「イブプロフェンの服用で心停止のリスクが31%あがる」というコペンハーゲン大学の研究結果が、「欧州心臓病ジャーナル(EHJ)」で発表された。また「ジクロフェナク(非ステロイド系抗炎症薬/NSAIDの一種)ではリスクが50%とさらに高い」とも報告されている。
欧州ではNSAIDと心不全などの関連性を示す研究結果が相次いで報告されており、市販薬の販売に厳格な規制を設けるよう求める声が、研究機関からあがっている。
「ケトロラクによるリスク発症率は83%」BMJ報告
内服薬や注射剤として出回っているNSAIDは、体内で炎症や痛み、熱を引き起こすプロスタグランジンの育成をおさえ症状を緩和する。イブプロフェン、ナプロキセン、インドメタシンなどは、日本でも処方箋なしで入手可能だ。
しかし昨年9月、英医師会雑誌「ブリティッシュ・メディカル・ジャーナル(BMJ)」が、NSAIDと心不全の関連リスクを示した報告書を発表。
2000年から2010年にわたり、英・蘭・独・伊の4カ国で1000万人のNSAID服用者からデータを収集した結果、心不全で入院した患者は9万2163人。
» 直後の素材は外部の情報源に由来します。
(* Let $\mathbb{E}^\ast_n=\{(a,b)\in\mathbb{N}^2:1\le a+b\le n\}$ and define $\vec v:\mathbb{E}^\ast_n\to W$ by \[\vec v(a,b)=(\underbrace{1,\dots,1}_{a},\underbrace{0,\dots,0}_{n-a-b},\underbrace{-1,\dots,-1}_{b}).\] (a) The map $(a,b)\mapsto \mathbb{R}_{\ge0}\vec v(a,b)$ is a bijection from $\mathbb{E}^\ast_n$ onto the set of extreme rays of $I(\mathfrak{gl}_n,V\oplus\bigwedge^2)$. (b) For $S\subseteq[n]$, the extreme rays lying in the chamber $C(S)$ are exactly those generated by $\vec v(\pi_\ell^S,\ell-\pi_\ell^S)$ for $\ell=1,\dots,n$, where $\pi_\ell^S=|S\cap[n-\ell+1,\infty)|$.
   Context: Identify the diagonal Cartan subalgebra of $\mathfrak{gl}_n$ with $\mathbb{R}^n$ with coordinates $x_1,\dots,x_n$. Let $W=\{x_1\ge\cdots\ge x_n\}$ and $W^0=\{x_1>\cdots>x_n\}$. For $1\le i\le j\le n$ let $\lambda_{i,j}^\perp$ be the hyperplane $x_i+x_j=0$ (for $i=j$: $x_i=0$); $I(\mathfrak{gl}_n,V\oplus\bigwedge^2)$ is the arrangement of these hyperplanes restricted to $W$. Chambers are the closures of the connected components of $W^0\setminus\bigcup\lambda_{i,j}^\perp$; a face is a chamber or the intersection of a chamber with a supporting hyperplane; an extreme ray is a face that is a half-line. For $S=\{a_1>\cdots>a_k\}\subseteq[n]$, $C(S)$ is the subset of $W$ on which, for $1\le i\le j\le n$, $x_i+x_j\ge0$ if $i\le k$ and $j\le i+a_i-1$, and $x_i+x_j\le0$ otherwise (row $i$ of the right-justified sign tableau of the $x_i+x_j$ has $a_i$ plus signs for $i\le k$, none for $i>k$); these are exactly the chambers. *)

theory Defs
  imports "HOL-Analysis.Analysis"
begin

text \<open>Points of R^n are functions nat => real vanishing outside the index set {1..n};
  nat => real carries the product topology (HOL-Analysis Function_Topology), whose
  restriction to this subspace is the Euclidean topology of R^n.\<close>

definition Rn :: "nat \<Rightarrow> (nat \<Rightarrow> real) set" where
  "Rn n = {x. \<forall>i. (i < 1 \<or> n < i) \<longrightarrow> x i = 0}"
lemma monic_if_normalized_dvd_monic:
  fixes p P :: "int poly"
  assumes "p dvd P" and "monic P" and "normalize p = p"
  shows "monic p"
proof -
  obtain e where e: "P = p * e" using assms(1) by blast
  then have "lead_coeff p * lead_coeff e = 1" using assms(2) by (simp add: lead_coeff_mult)
  then have "lead_coeff p dvd 1" by (metis dvd_triv_left)
  then have "lead_coeff p = 1 \<or> lead_coeff p = -1" by (simp add: zdvd1_eq abs_eq_iff')
  moreover have "p \<noteq> 0" using e assms(2) by auto
  then have "unit_factor (lead_coeff p) = 1"
    using assms(3) unit_factor_normalize[of p] by (simp add: unit_factor_poly_def)
  ultimately show ?thesis by auto
qed

lemma monic_irreducible_dvd_iff_prime_factor:
  fixes p P :: "int poly"
  assumes "monic P"
  shows "monic p \<and> irreducible p \<and> p dvd P \<longleftrightarrow> p \<in> prime_factors P"
proof -
  have "P \<noteq> 0" using assms by auto
  moreover have "monic p \<longleftrightarrow> normalize p = p" if "p dvd P"
    using that assms monic_if_normalized_dvd_monic normalize_monic by blast
  ultimately show ?thesis
    by (auto simp: in_prime_factors_iff prime_def irreducible_imp_prime_elem prime_elem_imp_irreducible)
qed

lemma rsquarefree_dvd:
  fixes p q :: "'a::idom poly"
  assumes "p dvd q" and "rsquarefree q"
  shows "rsquarefree p"
proof -
  obtain r where q: "q = p * r" using assms(1) by blast
  with assms(2) have "p \<noteq> 0" "r \<noteq> 0" by (auto simp: rsquarefree_def)
  then have "order a q = order a p + order a r" for a by (simp add: q order_mult)
  with assms(2) \<open>p \<noteq> 0\<close> show ?thesis by (auto simp: rsquarefree_def)
qed
(* Let $X$ be a compact Hausdorff space and $f:\mathbb N\to X$ a map with finite range. For $m\ge1$ let $R_m(f)=\{(f(lm),f(lm+1),\ldots,f(lm+m-1)):l\in\mathbb N\}$. Then the limit $\lim_{m\to\infty}\frac{\log|R_m(f)|}{m}$ exists and equals the anqie entropy of $f$.
   Context: $\mathbb N=\{0,1,2,\ldots\}$. For a compact Hausdorff space $X$ and a map $f:\mathbb N\to X$, let $X_f$ be the closure in $X^{\mathbb N}$ (product topology) of $\{(f(n),f(n+1),f(n+2),\ldots):n\in\mathbb N\}$, and let $B_f$ be the shift $(\omega_0,\omega_1,\ldots)\mapsto(\omega_1,\omega_2,\ldots)$ restricted to $X_f$. The anqie entropy of $f$ is the topological entropy $h(B_f)$. $|C|$ is the cardinality of a finite set $C$. *)

theory Defs
  imports "HOL-Analysis.Analysis"
begin

definition open_covers :: "'a topology \<Rightarrow> 'a set set set" where
  "open_covers T = {U. (\<forall>u\<in>U. openin T u) \<and> \<Union>U = topspace T}"

definition cover_number :: "'a topology \<Rightarrow> 'a set set \<Rightarrow> nat" where
  "cover_number T U = Inf {card W | W. W \<subseteq> U \<and> finite W \<and> \<Union>W = topspace T}"

definition join_cover :: "'a topology \<Rightarrow> ('a \<Rightarrow> 'a) \<Rightarrow> 'a set set \<Rightarrow> nat \<Rightarrow> 'a set set" where
  "join_cover T g U n =
     {topspace T \<inter> (\<Inter>i<n. (g ^^ i) -` c i) | c. \<forall>i<n. c i \<in> U}"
そのうち入院最長2週間前にNSAIDを服用した患者には、19%のリスク上昇が見られたという。研究は伊ミラノ・ビコッカ大学が行った。
この際特定されたNSAIDは全7種。イブプロフェン、ジクロフェナク、インドメタシン、ナプロキセン、ケトロラク、ニメスリド、ピロキシカムだ。C0X-2阻害剤であるエトリコキシブ(アルコキシア)やロフェコキシブのリスクも指摘された。中でもケトロラクによるリスク発症率は83%と極めて高かった。
「心不全患者の5割が、入院最長1カ月前にイブプロフェン服用」EHJ報告
3月15日にEHJが掲載した新たな調査結果では、2001年から2010年の期間、心不全で入院した経験のある2万8947人のデータを収集。3376人が入院する最長1カ月前にNSAIDを服用しており、そのうち51%がイブプロフェン、22%がジクロフェナクであったことが判明した。
コペンハーゲン大学は「あらゆるNSAIDの服用がリスクを31%上昇させる」と結論づけている。この報告ではナプロキセン、ロフェコキシブ、セレコキシブと心臓病の関連性は報告されていないが、調査の対象となる事例が少なかったことが原因である可能性も考えられる。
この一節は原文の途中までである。